Member of the Minnesota Senate from the 6th district
- In office 1977–2002

Member of the Minnesota House of Representatives from the 6B district
- In office 1973–1976

Member of the Minnesota House of Representatives from the 63rd district
- In office 1971–1972

Personal details
- Born: August 17, 1942 Cook, Minnesota, U.S.
- Died: November 7, 2022 (aged 80)
- Party: Minnesota Democratic–Farmer–Labor Party
- Spouse: Denesse Hoole
- Children: 2
- Alma mater: University of Minnesota Duluth, University of Wisconsin–Superior
- Occupation: Counselor

= Doug Johnson (Minnesota politician) =

American politician (1942–2022)

Douglas J. Johnson (August 17, 1942 – November 7, 2022) was an American politician in the state of Minnesota.

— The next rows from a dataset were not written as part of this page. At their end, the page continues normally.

lemma quadratic_form_congruence:
  fixes A H :: "real^'n^'n"
  shows "z \<bullet> ((A ** H ** transpose A) *v z) = (transpose A *v z) \<bullet> (H *v (transpose A *v z))"
  by (metis dot_lmul_matrix matrix_vector_mul_assoc transpose_matrix_vector)

lemma bfgs_update_quadratic_form:
  fixes H :: "real^'n^'n" and s y z :: "real^'n" and c :: real
  defines "V \<equiv> mat 1 - c *\<^sub>R outer s y"
  shows "z \<bullet> ((V ** H ** transpose V + c *\<^sub>R outer s s) *v z)
     = (z - (c * (s \<bullet> z)) *\<^sub>R y) \<bullet> (H *v (z - (c * (s \<bullet> z)) *\<^sub>R y)) + c * (s \<bullet> z)^2"
proof -
  have "transpose V = mat 1 - c *\<^sub>R outer y s"
    by (simp add: V_def transpose_def outer_def mat_def vec_eq_iff mult.commute)
  then have "transpose V *v z = z - (c * (s \<bullet> z)) *\<^sub>R y"
    by (simp add: matrix_vector_mult_diff_rdistrib flip: scaleR_matrix_vector_assoc del: transpose_matrix_vector)
       (simp add: outer_mult_vector)
  then show ?thesis
    by (simp add: matrix_vector_mult_add_rdistrib quadratic_form_congruence inner_add_right
        outer_mult_vector power2_eq_square inner_commute
        del: transpose_matrix_vector flip: scaleR_matrix_vector_assoc)
qed

lemma pos_def_bfgs_update:
  fixes H :: "real^'n^'n" and s y :: "real^'n"
  assumes H: "pos_def_matrix H" and sy: "s \<bullet> y > 0"
  defines "V \<equiv> mat 1 - (1 / (s \<bullet> y)) *\<^sub>R outer s y"
  shows "pos_def_matrix (V ** H ** transpose V + (1 / (s \<bullet> y)) *\<^sub>R outer s s)"
    (is "pos_def_matrix ?H'")
proof -
  define c where "c = 1 / (s \<bullet> y)"
  have c: "c > 0" using sy by (simp add: c_def)
  have H_sym: "transpose H = H" and H_pos: "\<And>v. v \<noteq> 0 \<Longrightarrow> v \<bullet> (H *v v) > 0"
    using H unfolding pos_def_matrix_def by auto
  have "transpose ?H' = ?H'"
    by (simp add: transpose_add transpose_scalar transpose_outer matrix_transpose_mul H_sym matrix_mul_assoc)
  moreover have "v \<bullet> (?H' *v v) > 0" if "v \<noteq> 0" for v
  proof -
    define w where "w = v - (c * (s \<bullet> v)) *\<^sub>R y"
    have q: "v \<bullet> (?H' *v v) = w \<bullet> (H *v w) + c * (s \<bullet> v)^2"
      unfolding w_def c_def V_def by (rule bfgs_update_quadratic_form)
    show ?thesis
    proof (cases "s \<bullet> v = 0")
      case True
      then show ?thesis using q H_pos[OF \<open>v \<noteq> 0\<close>] by (simp add: w_def)
    next
      case False
      have "w \<bullet> (H *v w) \<ge> 0" using H_pos[of w] by (cases "w = 0") auto
      then show ?thesis using q c False by (simp add: add_nonneg_pos)
    qed
  qed
  ultimately show ?thesis unfolding pos_def_matrix_def by blast
qed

Johnson was born in Cook, Minnesota and graduated from Cook High School. He received his associate degree from Virginia Community College (now Mesabi Range College) and his bachelor's degree from University of Minnesota Duluth. He also received his master's degree from University of Wisconsin-Superior. Johnson was a high school guidance counselor. He served as the mayor of Cook, Minnesota and was a Democrat. Johnson served in the Minnesota House of Representatives from 1971 to 1976 and in the Minnesota State Senate from 1977 to 2002. Johnson, his wife, and family lived in Tower, Minnesota.